On Sun, Jan 15, 2006 at 03:29:15AM -0800, Chris Stromsoe wrote:
> On Mon, 9 Jan 2006, Chris Stromsoe wrote:
> >On Mon, 9 Jan 2006, Roberto Nibali wrote:
> >
> >>>That is the SCSI BIOS rev.  The machine is a Dell PowerEdge 2650 and 
> >>>that's the onboard AIC 7899.  It comes up as "BIOS Build 25309".
> >>
> >>Brain is engaged now, thanks ;). If you find time, could you maybe 
> >>compile a 2.4.32 kernel using following config (slightly changed from 
> >>yours):
> >>
> >>http://www.drugphish.ch/patches/ratz/kernel/configs/config-2.4.32-chris_s
> >
> >If/when the current run with DEBUG_SLAB oopses, I'll reboot with the 
> >config modifications.
> 
> I've been running stable with the propsed changes since the 10th.  The 
> original config and the currently running config are both at 
> <http://hashbrown.cts.ucla.edu/pub/oops-200512/>.  This is the diff:
> 
> cbs@hashbrown:~ > diff config-2.4.32 config-2.4.32-20060115
> 
> 65c65
> < CONFIG_HIGHIO=y
> ---
> ># CONFIG_HIGHIO is not set

I wonder if this change could be suspected of affecting stability.

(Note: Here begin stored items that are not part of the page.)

lemma almost_increasing_quotient_imp_liminf_ratio_tendsto:
  assumes almost_increasing_quotient
  shows "((\<lambda>k. Liminf at_top (\<lambda>t. ereal (\<sigma> (k * t) / (k powr \<beta> * \<sigma> t)))) \<longlongrightarrow> \<infinity>) at_top"
proof -
  obtain \<gamma> M where \<gamma>: "\<gamma> > \<beta>" and M: "M > 0"
    and bound: "\<And>t k. 1 \<le> t \<Longrightarrow> 1 \<le> k \<Longrightarrow> k powr \<gamma> * \<sigma> t \<le> M * \<sigma> (k * t)"
    using almost_increasing_quotient_dilation_bound[OF assms] by blast
  have lower: "ereal (k powr (\<gamma> - \<beta>) / M) \<le> Liminf at_top (\<lambda>t. ereal (\<sigma> (k * t) / (k powr \<beta> * \<sigma> t)))"
    if k: "k \<ge> 1" for k
  proof (rule Liminf_bounded)
    show "eventually (\<lambda>t. ereal (k powr (\<gamma> - \<beta>) / M) \<le> ereal (\<sigma> (k * t) / (k powr \<beta> * \<sigma> t))) at_top"
      using eventually_ge_at_top[of 1] eventually_sigma_pos
    proof eventually_elim
      case (elim t)
      have "k powr (\<gamma> - \<beta>) * (k powr \<beta> * \<sigma> t) \<le> M * \<sigma> (k * t)"
        using bound[of t k] elim k by (simp add: mult.assoc[symmetric] flip: powr_add)
      with elim k M show ?case
        by (simp add: field_simps)
    qed
  qed
  show ?thesis unfolding tendsto_PInfty
  proof
    fix r :: real
    obtain X where X: "X \<ge> 1" "\<And>x. x \<ge> X \<Longrightarrow> (\<bar>r\<bar> + 1) * M \<le> x powr (\<gamma> - \<beta>)"
      using powr_eventually_ge[of "\<gamma> - \<beta>" "(\<bar>r\<bar> + 1) * M"] \<gamma> by auto
    show "eventually (\<lambda>k. ereal r < Liminf at_top (\<lambda>t. ereal (\<sigma> (k * t) / (k powr \<beta> * \<sigma> t)))) at_top"
      using eventually_ge_at_top[of X]
    proof eventually_elim
      case (elim k)
      have "\<bar>r\<bar> + 1 \<le> k powr (\<gamma> - \<beta>) / M"
        using X(2)[OF elim] M by (simp add: field_simps)
      then have "ereal r < ereal (k powr (\<gamma> - \<beta>) / M)"
        by simp
      also have "\<dots> \<le> Liminf at_top (\<lambda>t. ereal (\<sigma> (k * t) / (k powr \<beta> * \<sigma> t)))"
        using lower[of k] elim X by simp
      finally show ?case .
    qed
  qed
qed

lemma almost_increasing_quotient_imp_lower_matuszewska:
  assumes almost_increasing_quotient
  shows "lower_matuszewska \<sigma> > ereal \<beta>"
proof -
  obtain \<gamma> M where \<gamma>: "\<gamma> > \<beta>" and M: "M > 0"
    and bound: "\<And>t k. 1 \<le> t \<Longrightarrow> 1 \<le> k \<Longrightarrow> k powr \<gamma> * \<sigma> t \<le> M * \<sigma> (k * t)"
    using almost_increasing_quotient_dilation_bound[OF assms] by blast
  have "Liminf at_top (\<lambda>x. INF l\<in>{1..\<Lambda>}. ereal (\<sigma> (l * x) / (l powr \<gamma> * \<sigma> x))) \<ge> ereal (1 / M)"
    for \<Lambda> :: real
  proof (rule Liminf_bounded)
    show "eventually (\<lambda>x. ereal (1 / M) \<le> (INF l\<in>{1..\<Lambda>}. ereal (\<sigma> (l * x) / (l powr \<gamma> * \<sigma> x)))) at_top"
      using eventually_ge_at_top[of 1] eventually_sigma_pos
    proof eventually_elim
      case (elim x)
      have "ereal (1 / M) \<le> ereal (\<sigma> (l * x) / (l powr \<gamma> * \<sigma> x))" if l: "l \<in> {1..\<Lambda>}" for l
        using bound[of x l] elim l M by (simp add: field_simps)
      then show ?case
        by (rule INF_greatest)
    qed
  qed
  moreover have "1 / M > 0"
    using M by simp
  ultimately have "ereal \<gamma> \<le> lower_matuszewska \<sigma>"
    unfolding lower_matuszewska_def by (intro Sup_upper) blast
  moreover have "ereal \<beta> < ereal \<gamma>"
    using \<gamma> by simp
  ultimately show ?thesis
    by (rule less_le_trans[rotated])
qed

lemma almost_increasing_quotient_imp_integer_dilation:
  assumes almost_increasing_quotient
  shows "\<forall>\<theta>. 0 < \<theta> \<and> \<theta> < 1 \<longrightarrow> (\<exists>k::nat. 2 \<le> k \<and>
              (\<forall>p::nat. 1 \<le> p \<longrightarrow> \<sigma> (real p) \<le> \<theta> * real k powr (- \<beta>) * \<sigma> (real k * real p)))"
proof (intro allI impI)
  fix \<theta> :: real assume \<theta>: "0 < \<theta> \<and> \<theta> < 1"
  obtain \<gamma> M where \<gamma>: "\<gamma> > \<beta>" and M: "M > 0"
    and bound: "\<And>t k. 1 \<le> t \<Longrightarrow> 1 \<le> k \<Longrightarrow> k powr \<gamma> * \<sigma> t \<le> M * \<sigma> (k * t)"
    using almost_increasing_quotient_dilation_bound[OF assms] by blast
  obtain X where X: "X \<ge> 1" "\<And>x. x \<ge> X \<Longrightarrow> M / \<theta> \<le> x powr (\<gamma> - \<beta>)"
    using powr_eventually_ge[of "\<gamma> - \<beta>" "M / \<theta>"] \<gamma> by auto
  define k where "k = nat \<lceil>X\<rceil> + 2"
  have k: "real k \<ge> X" "k \<ge> 2"
    unfolding k_def by linarith+
  have "\<sigma> (real p) \<le> \<theta> * real k powr (- \<beta>) * \<sigma> (real k * real p)" if p: "1 \<le> p" for p :: nat
  proof -
    have "M / \<theta> * (real k powr \<beta> * \<sigma> (real p)) \<le> real k powr (\<gamma> - \<beta>) * (real k powr \<beta> * \<sigma> (real p))"
      using X(2) k sigma_nonneg[of "real p"] by (intro mult_right_mono) auto
    also have "\<dots> \<le> M * \<sigma> (real k * real p)"
      using bound[of p k] p k by (simp add: mult.assoc[symmetric] flip: powr_add)
    finally have "real k powr \<beta> * \<sigma> (real p) \<le> \<theta> * \<sigma> (real k * real p)"
      using M \<theta> by (simp add: field_simps)
    with k show ?thesis
      by (simp add: powr_minus field_simps)
  qed
  with k show "\<exists>k::nat. 2 \<le> k \<and> (\<forall>p::nat. 1 \<le> p \<longrightarrow> \<sigma> (real p) \<le> \<theta> * real k powr (- \<beta>) * \<sigma> (real k * real p))"
    by blast
qed

lemma integer_dilation_imp_integer_liminf_ratio:
  assumes "\<forall>\<theta>. 0 < \<theta> \<and> \<theta> < 1 \<longrightarrow> (\<exists>k::nat. 2 \<le> k \<and>
              (\<forall>p::nat. 1 \<le> p \<longrightarrow> \<sigma> (real p) \<le> \<theta> * real k powr (- \<beta>) * \<sigma> (real k * real p)))"
  shows "\<exists>k::nat. 2 \<le> k \<and>
           Liminf sequentially (\<lambda>p::nat. ereal (\<sigma> (real k * real p) / \<sigma> (real p))) > ereal (real k powr \<beta>)"
proof -
  obtain k :: nat where k: "2 \<le> k"
    and bound: "\<And>p::nat. 1 \<le> p \<Longrightarrow> \<sigma> (real p) \<le> 1/2 * real k powr (- \<beta>) * \<sigma> (real k * real p)"
    using assms[rule_format, of "1/2"] by auto
  have "eventually (\<lambda>p. ereal (2 * real k powr \<beta>) \<le> ereal (\<sigma> (real k * real p) / \<sigma> (real p))) sequentially"
    using eventually_ge_at_top[of "nat \<lceil>a\<rceil> + 1"]
  proof eventually_elim
    case (elim p)
    then have "0 < \<sigma> (real p)" "1 \<le> p"
      using sigma_pos[of "real p"] by linarith+
    with bound[of p] k show ?case
      by (simp add: powr_minus field_simps)
  qed
  then have "ereal (2 * real k powr \<beta>) \<le> Liminf sequentially (\<lambda>p::nat. ereal (\<sigma> (real k * real p) / \<sigma> (real p)))"
    by (rule Liminf_bounded)
  moreover have "ereal (real k powr \<beta>) < ereal (2 * real k powr \<beta>)"
    using k by simp
  ultimately show ?thesis
    using k by (blast intro: less_le_trans)
qed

With
this unset, data will be sent from the card to low memory, then bounced
to high mem when needed. Maybe the card, northbridge or anything else
sometimes corrupts memory during direct highmem I/O from PCI ? :-/

Or perhaps it's simply too early to conclude anything.

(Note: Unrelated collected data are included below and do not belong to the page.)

lemma PiE_fun_upd_singleton:
  assumes "j \<in> A" and "i \<in> B j"
  shows "PiE A (B(j := {i})) = {h \<in> PiE A B. h j = i}"
proof (intro set_eqI iffI)
  fix h assume h: "h \<in> PiE A (B(j := {i}))"
  have "h j = i"
    using PiE_mem[OF h assms(1)] by simp
  moreover have "h \<in> PiE A B"
  proof (rule PiE_I)
    show "h x \<in> B x" if "x \<in> A" for x
      using PiE_mem[OF h that] \<open>h j = i\<close> assms(2) by (cases "x = j") simp_all
  qed (use h in auto)
  ultimately show "h \<in> {h \<in> PiE A B. h j = i}"
    by blast
next
  fix h assume "h \<in> {h \<in> PiE A B. h j = i}"
  then have h: "h \<in> PiE A B" "h j = i"
    by auto
  show "h \<in> PiE A (B(j := {i}))"
  proof (rule PiE_I)
    show "h x \<in> (B(j := {i})) x" if "x \<in> A" for x
      using PiE_mem[OF h(1) that] h(2) by (cases "x = j") simp_all
  qed (use h in auto)
qed

lemma card_PiE_fun_upd_singleton:
  assumes "finite A" and "j \<in> A"
  shows "card (PiE A ((\<lambda>_. S)(j := {i}))) = card S ^ (card A - 1)"
proof -
  have "card (PiE A ((\<lambda>_. S)(j := {i}))) = (\<Prod>a\<in>A. card (((\<lambda>_. S)(j := {i})) a))"
    by (rule card_PiE[OF assms(1)])
  also have "\<dots> = card {i} * (\<Prod>a\<in>A - {j}. card S)"
    using assms by (simp add: prod.remove)
  also have "\<dots> = card S ^ (card A - 1)"
    using assms by simp
  finally show ?thesis .
qed

lemma missed_colour_after_deleting_point:
  fixes g :: "nat \<Rightarrow> nat"
  assumes n: "2 \<le> n" and g: "\<And>j. j \<le> n \<Longrightarrow> g j < n"
  obtains m c where "m \<le> n" "c < n" "\<And>j. j \<le> n \<Longrightarrow> j \<noteq> m \<Longrightarrow> g j \<noteq> c"
proof -
  have "\<not> inj_on g {..n}"
  proof
    assume "inj_on g {..n}"
    then have "card {..n} \<le> card {..<n}"
      using g by (intro card_inj_on_le) auto
    then show False
      by simp
  qed
  then obtain a b where ab: "a \<le> n" "b \<le> n" "a \<noteq> b" "g a = g b"
    unfolding inj_on_def by auto
  have "\<exists>m\<in>{0, 1, 2}. m \<noteq> a \<and> m \<noteq> b"
    by auto
  then obtain m where "m \<in> {0, 1, 2}" "m \<noteq> a" "m \<noteq> b"
    by blast
  with n have m: "m \<le> n" "m \<noteq> a" "m \<noteq> b"
    by auto
  let ?A = "{..n} - {m}"
  have "g ` ?A \<subseteq> g ` (?A - {b})"
  proof
    fix y assume "y \<in> g ` ?A"
    then obtain x where "x \<in> ?A" "y = g x"
      by blast
    then show "y \<in> g ` (?A - {b})"
      using ab m by (cases "x = b") (auto intro: image_eqI[of _ g a])
  qed
  then have "g ` ?A = g ` (?A - {b})"
    by blast
  then have "card (g ` ?A) \<le> n - 1"
    using card_image_le[of "?A - {b}" g] ab m n by simp
  then have "g ` ?A \<noteq> {..<n}"
    using n by auto
  moreover have "g ` ?A \<subseteq> {..<n}"
    using g by auto
  ultimately obtain c where c: "c < n" "c \<notin> g ` ?A"
    by blast
  show thesis
  proof (rule that[OF m(1) c(1)])
    show "g j \<noteq> c" if "j \<le> n" "j \<noteq> m" for j
      using c(2) that by auto
  qed
qed

definition blowup :: "nat \<Rightarrow> nat" where
  "blowup n = n * (n - 1) ^ n"

lemma blowup_pos: "2 \<le> n \<Longrightarrow> 0 < blowup n"
  unfolding blowup_def by simp

text \<open>Inl (j, i, k) is the k-th vertex of part i in copy j; Inr (m, c, h) is a selector,
  with h extensional so that distinct selectors are distinct functions.\<close>
type_synonym gn_vertex = "(nat \<times> nat \<times> nat) + (nat \<times> nat \<times> (nat \<Rightarrow> nat))"

definition selectors :: "nat \<Rightarrow> nat \<Rightarrow> nat \<Rightarrow> (nat \<Rightarrow> nat) set" where
  "selectors n m c = PiE ({..n} - {m}) (\<lambda>_. {..<n} - {c})"

definition gn_vertices :: "nat \<Rightarrow> gn_vertex set" where
  "gn_vertices n = Inl ` ({..n} \<times> {..<n} \<times> {..<blowup n})
     \<union> Inr ` (SIGMA m:{..n}. SIGMA c:{..<n}. selectors n m c)"

fun gn_adj :: "gn_vertex \<Rightarrow> gn_vertex \<Rightarrow> bool" where
  "gn_adj (Inl (j, i, _)) (Inl (j', i', _)) \<longleftrightarrow> j = j' \<and> i \<noteq> i'"
| "gn_adj (Inl (j, i, _)) (Inr (m, _, h)) \<longleftrightarrow> j \<noteq> m \<and> h j = i"
| "gn_adj (Inr (m, _, h)) (Inl (j, i, _)) \<longleftrightarrow> j \<noteq> m \<and> h j = i"
| "gn_adj (Inr _) (Inr _) \<longleftrightarrow> False"

definition gn_edges :: "nat \<Rightarrow> gn_vertex \<Rightarrow> gn_vertex \<Rightarrow> bool" where
  "gn_edges n u v \<longleftrightarrow> u \<in> gn_vertices n \<and> v \<in> gn_vertices n \<and> gn_adj u v"

fun gn_colour :: "gn_vertex \<Rightarrow> nat" where
  "gn_colour (Inl (_, i, _)) = i"
| "gn_colour (Inr (_, c, _)) = c"

lemma Inl_in_gn_vertices_iff [simp]:
  "Inl (j, i, k) \<in> gn_vertices n \<longleftrightarrow> j \<le> n \<and> i < n \<and> k < blowup n"
  unfolding gn_vertices_def by auto

lemma Inr_in_gn_vertices_iff [simp]:
  "Inr (m, c, h) \<in> gn_vertices n \<longleftrightarrow> m \<le> n \<and> c < n \<and> h \<in> selectors n m c"
  unfolding gn_vertices_def by auto

lemma selectors_apply:
  assumes "h \<in> selectors n m c" and "j \<le> n" and "j \<noteq> m"
  shows "h j < n" and "h j \<noteq> c"
  using PiE_mem[OF assms(1)[unfolded selectors_def], of j] assms(2,3) by auto

lemma finite_selectors: "finite (selectors n m c)"
  unfolding selectors_def by (auto intro!: finite_PiE)

lemma finite_gn_vertices: "finite (gn_vertices n)"
  unfolding gn_vertices_def by (auto intro!: finite_selectors)

lemma simple_graph_gn: "simple_graph (gn_vertices n) (gn_edges n)"
proof -
  have "gn_adj u v \<Longrightarrow> gn_adj v u" "\<not> gn_adj u u" for u v
    by (cases u; cases v; auto)+
  then show ?thesis
    unfolding simple_graph_def gn_edges_def using finite_gn_vertices by blast
qed

lemma colouring_gn: "colouring (gn_vertices n) (gn_edges n) n gn_colour"
  unfolding colouring_def
proof (intro conjI ballI impI)
  fix v assume "v \<in> gn_vertices n"
  then show "gn_colour v < n"
    unfolding gn_vertices_def by auto
next
  fix u v assume "u \<in> gn_vertices n" "v \<in> gn_vertices n" "gn_edges n u v"
  then show "gn_colour u \<noteq> gn_colour v"
    unfolding gn_vertices_def gn_edges_def by (auto dest: selectors_apply)
qed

Thanks for your report anyway.

Regards,
Willy


^ permalink raw reply	[flat|nested] 40+ messages in thread

* Re: bad pmd filemap.c, oops; 2.4.30 and 2.4.32
  2006-01-15 12:12                                   ` Willy Tarreau
@ 2006-01-15 21:18                                     ` Chris Stromsoe
  0 siblings, 0 replies; 40+ messages in thread
From: Chris Stromsoe @ 2006-01-15 21:18 UTC (permalink / raw)
  To: Willy Tarreau; +Cc: Roberto Nibali, Alan Cox, Marcelo Tosatti, linux-kernel

On Sun, 15 Jan 2006, Willy Tarreau wrote:
> On Sun, Jan 15, 2006 at 03:29:15AM -0800, Chris Stromsoe wrote:
>>
>> I've been running stable with the propsed changes since the 10th.  The 
>> original config and the currently running config are both at 
>> <http://hashbrown.cts.ucla.edu/pub/oops-200512/>.  This is the diff:
>>
>> cbs@hashbrown:~ > diff config-2.4.32 config-2.4.32-20060115
>>
>> 65c65
>> < CONFIG_HIGHIO=y
>> ---
>> > # CONFIG_HIGHIO is not set
>
> I wonder if this change could be suspected of affecting stability. With 
> this unset, data will be sent from the card to low memory, then bounced 
> to high mem when needed. Maybe the card, northbridge or anything else 
> sometimes corrupts memory during direct highmem I/O from PCI ? :-/

I'll let it run for another week as it is. If it would be useful 
information, I can switch CONFIG_HIGHIO back to =y and let that kernel run 
for a while.  Otherwise, I'll probably switch permanently to 2.6.


-Chris

^ permalink raw reply	[flat|nested] 40+ messages in thread

* Re: bad pmd filemap.c, oops; 2.4.30 and 2.4.32
  2006-01-15 11:29                                 ` Chris Stromsoe
  2006-01-15 12:12                                   ` Willy Tarreau
@ 2006-01-15 22:38                                   ` Chris Stromsoe
  2006-01-15 22:46                                     ` Willy TARREAU
  1 sibling, 1 reply; 40+ messages in thread
From: Chris Stromsoe @ 2006-01-15 22:38 UTC (permalink / raw)
  To: Roberto Nibali; +Cc: Willy Tarreau, Alan Cox, Marcelo Tosatti, linux-kernel

On Sun, 15 Jan 2006, Chris Stromsoe wrote:
> On Mon, 9 Jan 2006, Chris Stromsoe wrote:
>> On Mon, 9 Jan 2006, Roberto Nibali wrote:
>> 
>>>> That is the SCSI BIOS rev.  The machine is a Dell PowerEdge 2650 and 
>>>> that's the onboard AIC 7899.  It comes up as "BIOS Build 25309".
>>> 
>>> Brain is engaged now, thanks ;). If you find time, could you maybe 
>>> compile a 2.4.32 kernel using following config (slightly changed from 
>>> yours):
>>> 
>>> http://www.drugphish.ch/patches/ratz/kernel/configs/config-2.4.32-chris_s
>> 
>> If/when the current run with DEBUG_SLAB oopses, I'll reboot with the 
>> config modifications.
>
> I've been running stable with the propsed changes since the 10th.  The 
> original config and the currently running config are both at 
> <http://hashbrown.cts.ucla.edu/pub/oops-200512/>.  This is the diff:

I made a mistake.

The machine was /not/ booted into that config.  It is running the original 
config from http://hashbrown.cts.ucla.edu/pub/oops-200512/config-2.4.32 
with DEBUG_SLAB defined and "pci=noacpi" passed in on the command line.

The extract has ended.